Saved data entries
Content starts

lemma catB_ext_sums_quarter: "(\<lambda>n. catB_ext n k * (1/4) ^ n) sums 1"
proof -
  let ?f = "\<lambda>n. catB_ext n 1 * (1/4) ^ n"
  have partial: "(\<Sum>n<N. ?f n) \<le> 1" for N
    using catB_ext_1_partial_sums_le[of N] by (simp add: power_one_over)
  have "summable ?f"
    by (rule bounded_imp_summable[where B = 1])
       (use partial[of "Suc _"] in
         \<open>simp_all add: catB_ext_nonneg lessThan_Suc_atMost[symmetric] del: sum.lessThan_Suc\<close>)
  then obtain L where L: "?f sums L" by (auto simp: summable_def)
  have "L \<le> 1"
    using suminf_le_const[OF \<open>summable ?f\<close> partial] L by (simp add: sums_iff)
  have "1 \<le> L"
  proof (rule ccontr)
    assume "\<not> 1 \<le> L"
    then obtain k :: nat where "1 < real k * (1 - L)"
      using ex_less_of_nat_mult[of "1 - L" 1] by auto
    moreover have "0 \<le> 1 + real k * (L - 1)"
      by (rule sums_le[OF _ sums_zero catB_ext_sums_quarter_linear[OF L]])
         (simp add: catB_ext_nonneg)
    ultimately show False by (simp add: algebra_simps)
  qed
  then show ?thesis using catB_ext_sums_quarter_linear[OF L, of k] \<open>L \<le> 1\<close> by simp
qed

lemma bounded_recurrence_eq_power:
  fixes G :: "nat \<Rightarrow> real"
  assumes rec: "\<And>k. G (Suc (Suc k)) = (r + s) * G (Suc k) - r * s * G k"
    and bounded: "\<And>k. \<bar>G k\<bar> \<le> B"
    and "1 < \<bar>s\<bar>"
  shows "G k = G 0 * r ^ k"
proof -
  define H where "H k = G (Suc k) - r * G k" for k
  have "H (Suc k) = s * H k" for k
    unfolding H_def rec by (simp add: algebra_simps)
  then have H_power: "H k = s ^ k * H 0" for k
    by (induction k) simp_all
  have "H 0 = 0"
  proof (rule ccontr)
    assume "H 0 \<noteq> 0"
    obtain k where "(B + \<bar>r\<bar> * B) / \<bar>H 0\<bar> < \<bar>s\<bar> ^ k"
      using real_arch_pow[OF \<open>1 < \<bar>s\<bar>\<close>] by blast
    then have "B + \<bar>r\<bar> * B < \<bar>H k\<bar>"
      using \<open>H 0 \<noteq> 0\<close> by (simp add: H_power[of k] abs_mult power_abs field_simps)
    moreover have "\<bar>H k\<bar> \<le> \<bar>G (Suc k)\<bar> + \<bar>r\<bar> * \<bar>G k\<bar>"
      unfolding H_def by (metis abs_mult abs_triangle_ineq4)
    moreover have "\<dots> \<le> B + \<bar>r\<bar> * B"
      by (intro add_mono mult_left_mono bounded) simp_all
    ultimately show False by simp
  qed
  then have "G (Suc k) = r * G k" for k
    using H_power[of k] by (simp add: H_def)
  then show ?thesis by (induction k) simp_all
qed

lemma catB_ext_sums_neg_quarter: "(\<lambda>n. catB_ext n k * (-1/4) ^ n) sums (2 * sqrt 2 - 3) ^ k"
proof -
  have norm_eq: "norm (catB_ext n k * (-1/4) ^ n) = catB_ext n k * (1/4) ^ n" for n k
    by (simp add: abs_mult power_abs catB_ext_nonneg)
  define r s :: real where "r = 2 * sqrt 2 - 3" and "s = - 3 - 2 * sqrt 2"
  have rs: "r + s = -6" "r * s = 1"
    unfolding r_def s_def by (simp_all add: algebra_simps)
  have "s < -1"
    using real_sqrt_ge_zero[of 2] unfolding s_def by linarith
  then have "1 < \<bar>s\<bar>" by simp
  define G where "G k = (\<Sum>n. catB_ext n k * (-1/4) ^ n)" for k
  have abs_summable: "summable (\<lambda>n. norm (catB_ext n k * (-1/4) ^ n))" for k
    unfolding norm_eq by (rule sums_summable[OF catB_ext_sums_quarter])
  have G_sums: "(\<lambda>n. catB_ext n k * (-1/4) ^ n) sums G k" for k
    unfolding G_def using summable_norm_cancel[OF abs_summable] by (rule summable_sums)
  have G_bounded: "\<bar>G k\<bar> \<le> 1" for k
  proof -
    have "norm (G k) \<le> (\<Sum>n. norm (catB_ext n k * (-1/4) ^ n))"
      unfolding G_def using abs_summable by (rule summable_norm)
    also have "\<dots> = 1"
      unfolding norm_eq by (rule sums_unique[OF catB_ext_sums_quarter, symmetric])
    finally show ?thesis by simp
  qed
  have G_0: "G 0 = 1"
    using sums_unique2[OF G_sums sums_catB_ext_0] .
  have G_rec: "G (Suc (Suc k)) = (r + s) * G (Suc k) - r * s * G k" for k
  proof -
    have "(\<lambda>n. catB_ext n (Suc (Suc k)) * (-1/4) ^ n)
        sums ((1 / (-1/4) - 2) * G (Suc k) - G k)"
      by (rule sums_catB_ext_Suc_Suc[OF _ G_sums G_sums]) simp
    from sums_unique2[OF this G_sums] show ?thesis by (simp add: rs)
  qed
  have "G k = r ^ k"
    using bounded_recurrence_eq_power[where G = G and r = r and s = s,
        OF G_rec G_bounded \<open>1 < \<bar>s\<bar>\<close>] G_0
    by simp
  then show ?thesis using G_sums[of k] by (simp add: r_def)
qed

Content ends

What needs to be done
Copy out every record exactly.

Task solution
lemma catB_ext_sums_quarter: "(\<lambda>n. catB_ext n k * (1/4) ^ n) sums 1"
proof -
  let ?f = "\<lambda>n. catB_ext n 1 * (1/4) ^ n"
  have partial: "(\<Sum>n<N. ?f n) \<le> 1" for N
    using catB_ext_1_partial_sums_le[of N] by (simp add: power_one_over)
  have "summable ?f"
    by (rule bounded_imp_summable[where B = 1])
       (use partial[of "Suc _"] in
         \<open>simp_all add: catB_ext_nonneg lessThan_Suc_atMost[symmetric] del: sum.lessThan_Suc\<close>)
  then obtain L where L: "?f sums L" by (auto simp: summable_def)
  have "L \<le> 1"
    using suminf_le_const[OF \<open>summable ?f\<close> partial] L by (simp add: sums_iff)
  have "1 \<le> L"
  proof (rule ccontr)
    assume "\<not> 1 \<le> L"
    then obtain k :: nat where "1 < real k * (1 - L)"
      using ex_less_of_nat_mult[of "1 - L" 1] by auto
    moreover have "0 \<le> 1 + real k * (L - 1)"
      by (rule sums_le[OF _ sums_zero catB_ext_sums_quarter_linear[OF L]])
         (simp add: catB_ext_nonneg)
    ultimately show False by (simp add: algebra_simps)
  qed
  then show ?thesis using catB_ext_sums_quarter_linear[OF L, of k] \<open>L \<le> 1\<close> by simp
qed

lemma bounded_recurrence_eq_power:
  fixes G :: "nat \<Rightarrow> real"
  assumes rec: "\<And>k. G (Suc (Suc k)) = (r + s) * G (Suc k) - r * s * G k"
    and bounded: "\<And>k. \<bar>G k\<bar> \<le> B"
    and "1 < \<bar>s\<bar>"
  shows "G k = G 0 * r ^ k"
proof -
  define H where "H k = G (Suc k) - r * G k" for k
  have "H (Suc k) = s * H k" for k
    unfolding H_def rec by (simp add: algebra_simps)
  then have H_power: "H k = s ^ k * H 0" for k
    by (induction k) simp_all
  have "H 0 = 0"
  proof (rule ccontr)
    assume "H 0 \<noteq> 0"
    obtain k where "(B + \<bar>r\<bar> * B) / \<bar>H 0\<bar> < \<bar>s\<bar> ^ k"
      using real_arch_pow[OF \<open>1 < \<bar>s\<bar>\<close>] by blast
    then have "B + \<bar>r\<bar> * B < \<bar>H k\<bar>"
      using \<open>H 0 \<noteq> 0\<close> by (simp add: H_power[of k] abs_mult power_abs field_simps)
    moreover have "\<bar>H k\<bar> \<le> \<bar>G (Suc k)\<bar> + \<bar>r\<bar> * \<bar>G k\<bar>"
      unfolding H_def by (metis abs_mult abs_triangle_ineq4)
    moreover have "\<dots> \<le> B + \<bar>r\<bar> * B"
      by (intro add_mono mult_left_mono bounded) simp_all
    ultimately show False by simp
  qed
  then have "G (Suc k) = r * G k" for k
    using H_power[of k] by (simp add: H_def)
  then show ?thesis by (induction k) simp_all
qed

lemma catB_ext_sums_neg_quarter: "(\<lambda>n. catB_ext n k * (-1/4) ^ n) sums (2 * sqrt 2 - 3) ^ k"
proof -
  have norm_eq: "norm (catB_ext n k * (-1/4) ^ n) = catB_ext n k * (1/4) ^ n" for n k
    by (simp add: abs_mult power_abs catB_ext_nonneg)
  define r s :: real where "r = 2 * sqrt 2 - 3" and "s = - 3 - 2 * sqrt 2"
  have rs: "r + s = -6" "r * s = 1"
    unfolding r_def s_def by (simp_all add: algebra_simps)
  have "s < -1"
    using real_sqrt_ge_zero[of 2] unfolding s_def by linarith
  then have "1 < \<bar>s\<bar>" by simp
  define G where "G k = (\<Sum>n. catB_ext n k * (-1/4) ^ n)" for k
  have abs_summable: "summable (\<lambda>n. norm (catB_ext n k * (-1/4) ^ n))" for k
    unfolding norm_eq by (rule sums_summable[OF catB_ext_sums_quarter])
  have G_sums: "(\<lambda>n. catB_ext n k * (-1/4) ^ n) sums G k" for k
    unfolding G_def using summable_norm_cancel[OF abs_summable] by (rule summable_sums)
  have G_bounded: "\<bar>G k\<bar> \<le> 1" for k
  proof -
    have "norm (G k) \<le> (\<Sum>n. norm (catB_ext n k * (-1/4) ^ n))"
      unfolding G_def using abs_summable by (rule summable_norm)
    also have "\<dots> = 1"
      unfolding norm_eq by (rule sums_unique[OF catB_ext_sums_quarter, symmetric])
    finally show ?thesis by simp
  qed
  have G_0: "G 0 = 1"
    using sums_unique2[OF G_sums sums_catB_ext_0] .
  have G_rec: "G (Suc (Suc k)) = (r + s) * G (Suc k) - r * s * G k" for k
  proof -
    have "(\<lambda>n. catB_ext n (Suc (Suc k)) * (-1/4) ^ n)
        sums ((1 / (-1/4) - 2) * G (Suc k) - G k)"
      by (rule sums_catB_ext_Suc_Suc[OF _ G_sums G_sums]) simp
    from sums_unique2[OF this G_sums] show ?thesis by (simp add: rs)
  qed
  have "G k = r ^ k"
    using bounded_recurrence_eq_power[where G = G and r = r and s = s,
        OF G_rec G_bounded \<open>1 < \<bar>s\<bar>\<close>] G_0
    by simp
  then show ?thesis using G_sums[of k] by (simp add: r_def)
qed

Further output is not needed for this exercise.